We live in a multi-connected world of information technology. For better or worse, our destiny is linked to the technology which we depend upon. It has changed the way we interact, live, and influence our planet. Information technology uses the electrons of atoms for both computating, by using their charge, and in storing of information, by using the spin of electrons in magnetic materials. In the mid-2000s we saw an analog to digital revolution facilitated by the high-density information hard drives that gave rise to the Cloud. Today the new direction of storage technology focuses on doing away with hard drive technology and going towards an all electrical version in which charge-current and spin-currents are combined to flip magnets and create efficient Magnetic-Random- Access-Memories (MRAMs). To do so we have created magnetic materials that can flip themselves by running currents through them, similar to cat flipping itself. However, the revolution is just beginning. Ferromagnets, what is used today, have unfortunately a speed limit of GHz, which prevents them from connecting efficiently to the much faster THz optical communication network and the Internet of Things (IoT). These is where Antiferromagnets, which are faster but notoriously difficult to manipulate, come into play. In 2015 we created “antiferromagnetic cats” as well, which can now do similar things to ferromagnets but much faster and with properties that can be used for Artificial Intelligence Neural Networks. This has given rise to a revolution that has revolved in itself.

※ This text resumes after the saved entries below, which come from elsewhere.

lemma ldirected_approx_ideal: "ldirected (ptL T) (subO T) (approx_ideal T x)"
  unfolding ldirected_def
proof (intro conjI ballI lnonempty_approx_ideal)
  fix p q
  let ?J = "approx_ideal T x"
  have "inf (?J p) (?J q) = (SUP B\<in>SC T. SUP B'\<in>SC T.
      inf (inf (linterior T B x) (subO T p (sc_point T B))) (inf (linterior T B' x) (subO T q (sc_point T B'))))"
    unfolding approx_ideal_def by (simp add: frame_SUP_inf_distrib frame_inf_SUP_distrib) (rule SUP_commute)
  also have "\<dots> \<le> (SUP z\<in>ptL T. inf (inf (?J z) (subO T p z)) (subO T q z))"
  proof (intro SUP_least)
    fix B B' assume "B \<in> SC T" "B' \<in> SC T"
    let ?A = "inf (linterior T B) (linterior T B')"
    have "?A \<in> T" using Ltop_inf_closed[OF topology] linterior_open[OF topology] by blast
    have "inf (inf (linterior T B x) (subO T p (sc_point T B))) (inf (linterior T B' x) (subO T q (sc_point T B')))
        = inf (?A x) (inf (subO T p (sc_point T B)) (subO T q (sc_point T B')))"
      by (simp add: inf_aci)
    also have "\<dots> = (SUP C\<in>SC T. inf (inf (lsub UNIV C ?A) (linterior T C x))
        (inf (subO T p (sc_point T B)) (subO T q (sc_point T B'))))"
      by (subst locally_super_compact_apply[OF lsc \<open>?A \<in> T\<close>, of x]) (rule frame_SUP_inf_distrib)
    also have "\<dots> \<le> (SUP z\<in>ptL T. inf (inf (?J z) (subO T p z)) (subO T q z))"
    proof (rule SUP_mono)
      fix C assume C: "C \<in> SC T"
      show "\<exists>z\<in>ptL T. inf (inf (lsub UNIV C ?A) (linterior T C x))
          (inf (subO T p (sc_point T B)) (subO T q (sc_point T B'))) \<le> inf (inf (?J z) (subO T p z)) (subO T q z)"
        using approx_ideal_upper_bound[OF C, of B B' x p q] sc_point_in_ptL[OF C] by (rule bexI)
    qed
    finally show "inf (inf (linterior T B x) (subO T p (sc_point T B)))
        (inf (linterior T B' x) (subO T q (sc_point T B')))
        \<le> (SUP z\<in>ptL T. inf (inf (?J z) (subO T p z)) (subO T q z))" .
  qed
  finally show "inf (?J p) (?J q) \<le> (SUP z\<in>ptL T. inf (inf (?J z) (subO T p z)) (subO T q z))" .
qed

lemma lideal_approx_ideal: "lideal (ptL T) (subO T) (approx_ideal T x)"
  unfolding lideal_def by (intro conjI ldirected_approx_ideal llower_approx_ideal)

lemma pt_join_approx_ideal: "pt_join T (approx_ideal T x) = ptx T x"
proof (rule ext)
  fix A
  show "pt_join T (approx_ideal T x) A = ptx T x A"
  proof (cases "A \<in> T")
    case False
    then show ?thesis
      using ptL_apply_nonopen[OF pt_join_in_ptL[OF ldirected_approx_ideal]] unfolding ptx_def by simp
  next
    case A: True
    have qB: "sc_point T B A = lsub UNIV B A" for B using A by (simp add: sc_point_def)
    have "pt_join T (approx_ideal T x) A \<le> A x" by (rule pt_join_approx_ideal_le[OF A])
    moreover have "A x \<le> pt_join T (approx_ideal T x) A"
    proof -
      have "A x = (SUP B\<in>SC T. inf (lsub UNIV B A) (linterior T B x))"
        by (rule locally_super_compact_apply[OF lsc A])
      also have "\<dots> \<le> (SUP B\<in>SC T. inf (approx_ideal T x (sc_point T B)) (sc_point T B A))"
      proof (rule SUP_subset_mono[OF order_refl])
        fix B assume "B \<in> SC T"
        then show "inf (lsub UNIV B A) (linterior T B x) \<le> inf (approx_ideal T x (sc_point T B)) (sc_point T B A)"
          using interior_le_approx_ideal_sc_point[of B T x] by (simp add: qB le_infI2)
      qed
      also have "\<dots> \<le> pt_join T (approx_ideal T x) A"
        unfolding pt_join_def by (rule SUP_mono) (use sc_point_in_ptL in blast)
      finally show ?thesis .
    qed
    ultimately show ?thesis using A unfolding ptx_def by simp
  qed
qed

lemma wbelow_ptx_eq_approx_ideal:
  assumes "p \<in> ptL T"
  shows "wbelow (ptL T) (subO T) (ptx T x) p = approx_ideal T x p"
proof (rule order.antisym)
  have "is_lsup (ptL T) (subO T) (approx_ideal T x) (ptx T x)"
    using pt_join_is_lsup[OF ldirected_approx_ideal] unfolding pt_join_approx_ideal .
  then have "wbelow (ptL T) (subO T) (ptx T x) p \<le> limp (subO T (ptx T x) (ptx T x)) (approx_ideal T x p)"
    unfolding wbelow_def using lideal_approx_ideal by (intro Inf_lower) blast
  then show "wbelow (ptL T) (subO T) (ptx T x) p \<le> approx_ideal T x p"
    by (simp add: subO_refl limp_top_left)
  show "approx_ideal T x p \<le> wbelow (ptL T) (subO T) (ptx T x) p"
    unfolding approx_ideal_def
  proof (rule SUP_least)
    fix B assume "B \<in> SC T"
    have "inf (linterior T B x) (subO T p (sc_point T B))
        \<le> inf (wbelow (ptL T) (subO T) (ptx T x) (sc_point T B)) (subO T p (sc_point T B))"
      using interior_le_wbelow_sc_point[OF \<open>B \<in> SC T\<close>] by (rule inf_mono) simp
    also have "\<dots> \<le> wbelow (ptL T) (subO T) (ptx T x) p"
      using llower_wbelow[of "ptL T" "subO T" "ptx T x"] assms sc_point_in_ptL[OF \<open>B \<in> SC T\<close>]
      unfolding llower_def by blast
    finally show "inf (linterior T B x) (subO T p (sc_point T B)) \<le> wbelow (ptL T) (subO T) (ptx T x) p" .
  qed
qed
(* There is a constant $C$ such that for every $T\ge2$ there is an online forecasting algorithm which, against every (possibly adaptive) sequence of outcomes $b_1,\dots,b_T\in\{0,1\}$, guarantees $\mathrm{Cal}(\mathbf x_{1:T},\mathbf b_{1:T})\le C\,T^{1/3}\log T$.
   Context: Online calibration: in each round $t$ the forecaster, knowing $b_1,\dots,b_{t-1}$, outputs a finitely supported distribution $\mathbf x_t\in\Delta([0,1])$ over predictions; then the adversary, knowing $\mathbf x_1,\dots,\mathbf x_t$, chooses $b_t\in\{0,1\}$. Writing $\mathbf x_t[p]$ for the probability that $\mathbf x_t$ assigns to $p$, $W_p=\sum_t\mathbf x_t[p]$ and $B_p=\sum_t b_t\mathbf x_t[p]$, the $\ell_2$-calibration error is $$\mathrm{Cal}(\mathbf x_{1:T},\mathbf b_{1:T})=\sum_{p\in[0,1]:\,W_p>0}W_p\Big(p-\frac{B_p}{W_p}\Big)^2 .$$ *)

theory Defs
  imports "HOL-Probability.Probability_Mass_Function"
begin

text \<open>A forecaster maps the history of outcomes b_1..b_(t-1) to a distribution
  over predictions. An (adaptive) adversary maps the forecasts x_1..x_t to the
  outcome b_t (True = 1, False = 0).\<close>

type_synonym forecaster = "bool list \<Rightarrow> real pmf"
type_synonym adversary = "real pmf list \<Rightarrow> bool"

definition valid_forecaster :: "forecaster \<Rightarrow> bool" where
  "valid_forecaster F \<longleftrightarrow>
     (\<forall>bs. finite (set_pmf (F bs)) \<and> set_pmf (F bs) \<subseteq> {0..1})"
lemma eval_EqInd_if_eq:
  assumes "eval A v s = eval A v t"
  shows "eval A v (EqInd q s t) = neg A (zero A)"
proof -
  have refl: "sat_id (LV q) (EqInd q (Var 0) (Var 0), One)"
    using eval_LV_EqInd[OF q] by (simp add: sat_id_def sat_q_Nil holds_eq_def)
  have "eval A v (EqInd q s t) = eval A v (tsubst (\<lambda>i. if i = 0 then s else t) (EqInd q (Var 0) (Var 1)))"
    by simp
  also have "\<dots> = eval A v (tsubst (\<lambda>_. s) (EqInd q (Var 0) (Var 1)))"
    by (rule eval_tsubst_cong) (simp add: assms)
  also have "\<dots> = eval A v (tsubst (\<lambda>_. s) (EqInd q (Var 0) (Var 0)))"
    by simp
  also have "\<dots> = eval A v (tsubst (\<lambda>_. s) One)"
    by (rule eval_tsubst_eq_if_sat_id_LV[OF refl v])
  finally show ?thesis by simp
qed

lemma eq_if_eval_EqInd:
  assumes "eval A v (EqInd q s t) = neg A (zero A)"
  shows "eval A v s = eval A v t"
proof -
  have elim: "sat_id (LV q) (Var 0, Cond (EqInd q (Var 0) (Var 1)) (Var 1) (Var 0))"
    using eval_LV_Cond[OF q] eval_LV_EqInd[OF q] by (simp add: sat_id_def sat_q_Nil holds_eq_def)
  have Cond_One: "valid_std (Cond One (Var 1) (Var 0), Var 1)"
    by (rule valid_stdI) (auto simp: Cond_def Join_def Meet_def min_def)
  let ?\<sigma> = "\<lambda>i. if i = 0 then s else t"
  have "eval A v s = eval A v (tsubst ?\<sigma> (Var 0))"
    by simp
  also have "\<dots> = eval A v (tsubst ?\<sigma> (Cond (EqInd q (Var 0) (Var 1)) (Var 1) (Var 0)))"
    by (rule eval_tsubst_eq_if_sat_id_LV[OF elim v])
  also have "\<dots> = eval A v (tsubst ?\<sigma> (Cond One (Var 1) (Var 0)))"
    using assms by (simp add: eval_tsubst Cond_def Join_def Meet_def One_def)
  also have "\<dots> = eval A v (tsubst ?\<sigma> (Var 1))"
    by (rule eval_tsubst_eq_if_valid_std[OF Cond_One v])
  finally show ?thesis by simp
qed

lemma eval_AllEqInd_if_holds:
  "\<forall>e\<in>set es. holds_eq A v e \<Longrightarrow> eval A v (AllEqInd q es) = neg A (zero A)"
proof (induction es)
  case (Cons e es)
  have Meet_idem: "valid_std (Meet (Var 0) (Var 0), Var 0)"
    by (rule valid_stdI) (auto simp: Join_def Meet_def min_def)
  have "eval A v (AllEqInd q (e # es)) = eval A v (tsubst (\<lambda>_. One) (Meet (Var 0) (Var 0)))"
    using Cons eval_EqInd_if_eq by (simp add: eval_tsubst holds_eq_def Meet_def Join_def)
  also have "\<dots> = eval A v (tsubst (\<lambda>_. One) (Var 0))"
    by (rule eval_tsubst_eq_if_valid_std[OF Meet_idem v])
  finally show ?case by simp
qed simp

Having gone from analog to digital in the late 2000s, we are coming back to analog, to search for efficient materials that can compute with the power and efficiency of the brain but at much higher speeds.

About the Speaker

Born in 1972, Jairo Sinova is an Alexander von Humboldt Professor of Physics at Johannes Gutenberg Universität Mainz. After completing his doctorate at Indiana University in 1999, he became a postdoc at the University of Tennessee and the University of Texas at Austin before becoming a Professor of Physics at Texas A&M University in 2003. Among his honors, he has received the Alexander von Humboldt Professorship Award, the Johannes Gutenberg Research Fellowship, the ERC Advance Synergy Grant, National Science Foundation’s Career Award, the Cottrell Scholar Award, and was elected in 2011 a Fellow of the American Physical Society. He works primarily in the field of spintronics where the magnetic and electric properties of materials merge in new ways by using Einstein’s theory of relativity, which acts as the link between these properties. His work aims at understanding the complex quantum world of solids with the long term goal of finding better and more energy efficient ways to process and store information.